I cartelli stradali e i prefissi telefonici sono ancora quelli di Kiev, il fuso orario e la moneta sono quelli di Mosca. A proposito di monete: chi volesse venire in vacanza a Yalta farà meglio a portare un bel po’ di contanti: Visa, Mastercard e tanti altri marchi globali sono scomparsi.

“La Crimea ha delle ottime possibilità di diventare quasi una seconda Sochi”, commenta un turista di San Pietroburgo. “L’unico fastidio che ho sperimentato qui è il fatto che le carte di credito non funzionano, per cui raccomando agli altri turisti di portare molti liquidi”.

Altro problema, la carenza di cibo sugli scaffali: prima dell’annessione, molti prodotti arrivavano dall’Ucraina.
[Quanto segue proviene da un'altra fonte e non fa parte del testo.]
lemma xderiv_Gzeta:
  "xderiv (Gzeta C a)
     = - cc (2 * a * (a ^ 2 - (1 - 8 * C) / 4)) * lam_half_over_zeta32 * Gzeta C (a + 1)"
proof (rule fls_eqI)
  fix n :: int
  define P where "P = 2 * a * (a ^ 2 - (1 - 8 * C) / 4)"
  have rhs: "(- cc P * lam_half_over_zeta32 * Gzeta C (a + 1)) $$ n
      = - (fps_const P * (xm1_inv ^ 3 * Gzeta C (a + 1) $$ (n - 1)))"
    by (simp add: mult.assoc lam_half_over_zeta32_mult_nth)
  show "xderiv (Gzeta C a) $$ n = (- cc P * lam_half_over_zeta32 * Gzeta C (a + 1)) $$ n"
  proof (cases "n \<le> 0")
    case True
    then show ?thesis
      unfolding rhs by (cases "n = 0") (simp_all add: Gzeta_nth_0)
  next
    case False
    define k where "k = nat (n - 1)"
    have n: "n = int (Suc k)"
      using False unfolding k_def by simp
    have scalar: "of_nat (2 * Suc k) * Gcoeff C a (Suc k) = P * Gcoeff C (a + 1) k"
      by (simp only: of_nat_mult of_nat_numeral mult.assoc Gcoeff_Suc_shift P_def)
    have "xderiv (Gzeta C a) $$ n
        = fps_const (- (of_nat (2 * Suc k) * Gcoeff C a (Suc k))) * xm1_inv ^ (2 * Suc k + 1)"
      by (simp only: n xderiv_nth Gzeta_nth fps_deriv_const_mult_xm1_inv_power)
    also have "\<dots>
        = - (fps_const P * (xm1_inv ^ 3 * (fps_const (Gcoeff C (a + 1) k) * xm1_inv ^ (2 * k))))"
    proof -
      have "2 * Suc k + 1 = 3 + 2 * k"
        by simp
      then have e: "xm1_inv ^ (2 * Suc k + 1) = xm1_inv ^ 3 * xm1_inv ^ (2 * k)"
        by (simp only: power_add)
      show ?thesis
        unfolding scalar e fps_const_neg[symmetric] fps_const_mult[symmetric]
        by (simp only: mult_minus_left mult_minus_right ac_simps)
    qed
    also have "\<dots> = - (fps_const P * (xm1_inv ^ 3 * Gzeta C (a + 1) $$ (n - 1)))"
      by (simp add: n)
    finally show ?thesis
      unfolding rhs .
  qed
qed

lemma xderiv_Gzeta_half:
  "xderiv (Gzeta C (1/2)) = - cc (2 * C) * lam_half_over_zeta32 * Gzeta C (3/2)"
proof -
  have "2 * (1/2) * ((1/2) ^ 2 - (1 - 8 * C) / 4) = 2 * C" "1/2 + 1 = (3/2 :: complex)"
    by (simp_all add: field_simps power2_eq_square)
  then show ?thesis
    using xderiv_Gzeta[of C "1/2"] by (simp only:)
qed

lemma xderiv_Gzeta_three_halves:
  "xderiv (Gzeta C (3/2)) = - cc (6 * (C + 1)) * lam_half_over_zeta32 * Gzeta C (5/2)"
proof -
  have "2 * (3/2) * ((3/2) ^ 2 - (1 - 8 * C) / 4) = 6 * (C + 1)" "3/2 + 1 = (5/2 :: complex)"
    by (simp_all add: field_simps power2_eq_square)
  then show ?thesis
    using xderiv_Gzeta[of C "3/2"] by (simp only:)
qed

lemma half_xderiv_Gzeta_half:
  "cc (1/2) * xderiv (Gzeta C (1/2)) = - cc C * lam_half_over_zeta32 * Gzeta C (3/2)"
  unfolding xderiv_Gzeta_half cc_mult cc_numeral
  using cc_half_mult_2 by algebra

lemma lower_left_entry_Gzeta_half:
  "(lam - 2 * xc (fpot C)) * Gzeta C (1/2) - cc (1/2) * xderiv (xderiv (Gzeta C (1/2)))
     = lam * zeta_inv * ((zeta - cc (2 * C)) * Gzeta C (1/2)
         - cc (3 * C) * zeta_inv * Gzeta C (3/2)
         - cc (6 * C * (C + 1)) * zeta_inv ^ 2 * Gzeta C (5/2))"
proof -
  define y where "y = xc xm1_inv"
  have y: "xderiv y = - (y ^ 2)" "xc (fps_X - 1) * y = 1"
    unfolding y_def by (simp_all only: xderiv_xc_xm1_inv) simp
  have lam: "lam * fls_X = 1"
    by (simp add: lam_def fls_X_inv_times_conv_shift)
  have defs: "lam_half_over_zeta32 = fls_X * y ^ 3" "zeta_inv = fls_X * y ^ 2"
      "zeta = lam * xc (fps_X - 1) ^ 2" "xc (fpot C) = cc C * y ^ 2"
    by (simp_all add: y_def lam_half_over_zeta32_def zeta_inv_def zeta_def fpot_def
        inverse_xm1_power fls_const_power flip: fls_const_mult_const)
  have G'': "xderiv (xderiv (Gzeta C (1/2)))
      = cc (2 * C) * (3 * fls_X * y ^ 4 * Gzeta C (3/2)
          + cc (6 * (C + 1)) * fls_X ^ 2 * y ^ 6 * Gzeta C (5/2))"
    unfolding xderiv_Gzeta_half
    by (simp add: xderiv_Gzeta_three_halves y defs algebra_simps eval_nat_numeral)
  show ?thesis
    unfolding G'' defs cc_mult cc_add cc_numeral fls_const_1
    using y(2) lam cc_half_mult_2 by algebra
qed

subsection \<open>Homogeneity in zeta\<close>

text \<open>With the Laurent variable mu = lambda^(-1), this is (x - 1) d/dx - 2 lambda d/dlambda,
  which annihilates every series in zeta = lambda (x - 1)^2.\<close>
definition euler :: "complex fps fls \<Rightarrow> complex fps fls" where
  "euler F = xc (fps_X - 1) * xderiv F + 2 * (fls_X * fls_deriv F)"

lemma euler_add [simp]: "euler (F + G) = euler F + euler G"
  by (simp add: euler_def algebra_simps)

lemma euler_diff [simp]: "euler (F - G) = euler F - euler G"
  by (simp add: euler_def algebra_simps)

lemma euler_mult [simp]: "euler (F * G) = euler F * G + F * euler G"
  by (simp add: euler_def algebra_simps)

lemma euler_const [simp]: "euler (fls_const p) = xc ((fps_X - 1) * fps_deriv p)"
  by (simp add: euler_def)

lemma euler_numeral [simp]: "euler (numeral k) = 0"
  by (simp add: euler_def)

lemma euler_cc [simp]: "euler (cc c) = 0"
  by simp

lemma euler_lam [simp]: "euler lam = - 2 * lam"
proof -
  have "fls_X * fls_X_inv = (1 :: complex fps fls)"
    by (simp add: fls_X_times_conv_shift)
  then show ?thesis
    unfolding euler_def xderiv_lam by (simp add: lam_def power2_eq_square mult.assoc[symmetric])
qed

lemma euler_xderiv: "euler (xderiv F) = xderiv (euler F) - xderiv F"
  by (simp add: euler_def xderiv_fls_deriv)

lemma euler_fpot: "euler (xc (fpot C)) = - 2 * xc (fpot C)"
proof -
  have "(fps_X - 1) * fps_deriv (fpot C)
      = (fps_X - 1) * (fps_const (- (2 * C)) * xm1_inv ^ (2 + 1))"
    unfolding fpot_eq fps_deriv_const_mult_xm1_inv_power by simp
  also have "\<dots> = fps_const (- (2 * C)) * xm1_inv ^ 2"
    by (rule xm1_mult_const_mult_xm1_inv_power)
  also have "\<dots> = - 2 * fpot C"
    by (simp add: fpot_eq fps_numeral_fps_const)
  finally show ?thesis
    by (simp flip: fls_const_numeral fls_const_uminus)
qed

lemma euler_Gzeta: "euler (Gzeta C a) = 0"
proof (rule fls_eqI)
  fix n :: int
  show "euler (Gzeta C a) $$ n = 0 $$ n"
  proof (cases "n < 0")
    case False
    then obtain k where n: "n = int k"
      by (metis nonneg_int_cases not_less)
    have "euler (Gzeta C a) $$ n
        = (fps_X - 1) * fps_deriv (fps_const (Gcoeff C a k) * xm1_inv ^ (2 * k))
          + 2 * (of_int n * (fps_const (Gcoeff C a k) * xm1_inv ^ (2 * k)))"
      by (simp add: euler_def n)
    also have "\<dots> = fps_const (- (of_nat (2 * k) * Gcoeff C a k)) * xm1_inv ^ (2 * k)
        + fps_const (2 * of_nat k * Gcoeff C a k) * xm1_inv ^ (2 * k)"
      unfolding fps_deriv_const_mult_xm1_inv_power xm1_mult_const_mult_xm1_inv_power n
      by (simp add: fps_of_nat mult.assoc flip: fps_const_mult)
    also have "\<dots> = 0"
      by (simp flip: distrib_right fps_const_add)
    finally show ?thesis
      by simp
  qed (simp add: euler_def)
qed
La quale ora, ovviamente, non permette alle sue aziende di “esportare” in quello che considera un suo territorio.

L’inflazione è alle stelle e si sta mangiando anche l’aumento dei salari e delle pensioni voluto da Vladimir Putin per i nuovi concittadini.

Le forniture arrivano dalla Russia, via mare, attraverso quello stretto di Kerch dove Mosca ha promesso di costruire un ponte. Farà meglio a sbrigarsi: il turismo, da cui dipende una famiglia su tre, ha visto il numero di visitatori contrarsi di un terzo l’anno scorso: gli ucraini, un tempo la maggioranza, si sono volatilizzati. Per ora, per i russi le alternative sono il traghetto o l’aereo.